As I’ve mentioned in the previous blog posts of this series, heavy metal toxicity has a negative impact on each and every system of the body. That includes hormones and all the systems of your body that under normal circumstances would produce healthy hormones and detoxify dangerous hormones.
The presence of heavy metals in the body disrupts the liver, a key organ when it comes to detoxification. When heavy metals accumulate, the methylation pathway and glutathione pathway become impaired and your body is unable to metabolize your sex hormones. Additionally, it is unable to release toxic estrogens, causing estrogen dominance.
Estrogen dominance can cause the following symptoms:
- Weight gain
- Water retention
- Breast tenderness
- Heavy and painful periods
Estrogen is not the only hormone that is affected by heavy metal toxicity, however. The accumulation of heavy metals in the body also adversely affects testosterone production.
It’s a common misconception that women do not need testosterone, and can function well with just estrogen and progesterone. That is not the case, however. Women need testosterone for optimal brain function as well as to maintain muscle mass and libido.
Without testosterone being produced at optimal levels due to heavy metal toxicity, you may experience:
- Difficulty concentrating
- Lack of motivation
- Difficulty increasing or maintaining muscle mass
- Inability to lose weight
- Low libido
In the second blog of this series, I spoke about the chelation process and how this process can deplete the body of vital minerals, but depletion is not limited to chelation. It also happens prior to chelation as heavy metals can displace vital minerals in your body, namely calcium, zinc, and selenium.

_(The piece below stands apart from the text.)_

(* Let $c$ be a constant. For unknowns $\vec S_n(t),\bar{\vec S}_n(t)\in\mathbb{C}^m$ and $v_n(t)\in\mathbb{C}$ ($n\in\mathbb{Z}$), consider the discrete multicomponent Yajima--Oikawa system \begin{align*} \mathrm{i}\,\vec S_{n,t}&=v_n(\vec S_{n+1}+\vec S_{n-1})-c\,\vec S_n,\\ \mathrm{i}\,\bar{\vec S}_{n,t}&=-v_n(\bar{\vec S}_{n+1}+\bar{\vec S}_{n-1})+c\,\bar{\vec S}_n,\\ v_{n,t}&=\tfrac12 v_n\,\Delta_n^+\big(\langle\vec S_n,\bar{\vec S}_{n-1}\rangle+\langle\vec S_{n-1},\bar{\vec S}_n\rangle\big). \end{align*} Consider the linear problem for a scalar $\psi_n$ and column vectors $\vec\phi_n,\vec\chi_n\in\mathbb{C}^m$ with constant spectral parameter $\lambda$: \begin{align*} v_n(\psi_{n+1}+\psi_{n-1})&=\lambda\psi_n-\langle\vec S_n,\vec\phi_n\rangle-\langle\vec\chi_n,\bar{\vec S}_n\rangle,\\ \vec\phi_{n+1}-\vec\phi_n&=\tfrac{\mathrm{i}}{2}\bar{\vec S}_n(\psi_{n+1}+\psi_{n-1}),\\ \vec\chi_{n+1}+\vec\chi_n&=\tfrac{\mathrm{i}}{2}\vec S_n(\psi_{n+1}+\psi_{n-1}), \end{align*} together with the time evolution \begin{align*} \mathrm{i}\,\psi_{n,t}&=v_n(\psi_{n+1}+\psi_{n-1})-c\,\psi_n,\\ \vec\phi_{n,t}&=\tfrac12 v_n\bar{\vec S}_{n-1}(\psi_{n+1}+\psi_{n-1})-\tfrac12 v_{n-1}\bar{\vec S}_n(\psi_n+\psi_{n-2}),\\ \vec\chi_{n,t}&=\tfrac12 v_n\vec S_{n-1}(\psi_{n+1}+\psi_{n-1})+\tfrac12 v_{n-1}\vec S_n(\psi_n+\psi_{n-2})+2\mathrm{i}c\,\vec\chi_n. \end{align*} Then the compatibility condition of these overdetermined linear equations (i.e., the requirement that the $t$-derivatives of the three spatial equations, computed using the time-evolution equations and the first spatial equation to eliminate the time derivatives and $\lambda$, hold identically for arbitrary values of $\psi_n,\vec\phi_n,\vec\chi_n$) is equivalent to the discrete multicomponent Yajima--Oikawa system above.
   Context: Here $n\in\mathbb{Z}$ is the lattice site and $t$ is time; subscript $t$ denotes $\partial/\partial t$. $\langle\vec a,\vec b\rangle=\sum_{i=1}^m a^{(i)}b^{(i)}$ is the standard bilinear scalar product (no complex conjugation). $\Delta_n^+$ is the forward difference operator, $\Delta_n^+f_n:=f_{n+1}-f_n$. The product of a scalar and a column vector is written in either order. $\bar{\vec S}_n$ is an independent vector variable (not necessarily related to the complex conjugate of $\vec S_n$). *)

theory Defs
  imports "HOL-Analysis.Analysis"
begin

Zinc and selenium are the building blocks of testosterone production, so when these levels are less than optimal, so is our production of testosterone.
In addition to your sex hormones, estrogen and testosterone, heavy metal toxicity also negatively impacts your pancreas and production of the hormone insulin. This can increase the risk of developing blood sugar dysregulation – hypoglycemia, hyperglycemia, and diabetes.
I see this often in my clinic with children who have had a significant number of mercury-containing vaccines. Their pancreas’ can be severely impaired, putting them at risk of developing juvenile, or type 1, diabetes.
Other organs affected by heavy metal toxicity are the thyroid and the adrenals.
When heavy metals accumulate in the body, they are stored in fat cells and block receptors that are typically reserved for hormones. When this happens in the thyroid, your body becomes unable to properly produce and use thyroid hormones.
As you now know, heavy metal toxicity negatively affects liver function. In addition to detoxification, your liver is also responsible for producing the active form of thyroid hormone called T3. If the liver is unable to produce this hormone, the thyroid cannot function properly, leading to thyroid conditions like Hashimoto’s and symptoms like fatigue, weight gain, hair loss, and dry skin.
Finally, heavy metal toxicity can negatively impact the production of cortisol, a stress hormone.
Initially, the production of cortisol will increase due to an overproduction of this hormone by the adrenal glands. Once the adrenal glands become burnt out, the production of cortisol will decrease, resulting in adrenal fatigue, or the inability to cope with and manage stress. This can lead to feelings of fatigue, low energy, and decreased immune function.
Everything in the body is connected, so impairment and imbalance of one part of your body inevitably affects another part.
If you suspect that your hormone imbalance is due to heavy metal toxicity, it’s important to get tested and treated by a doctor. Treating heavy metals through chelation, diet, and lifestyle, will make it possible to reverse hormone imbalances and help you to restore balance to your body and ultimately, your health.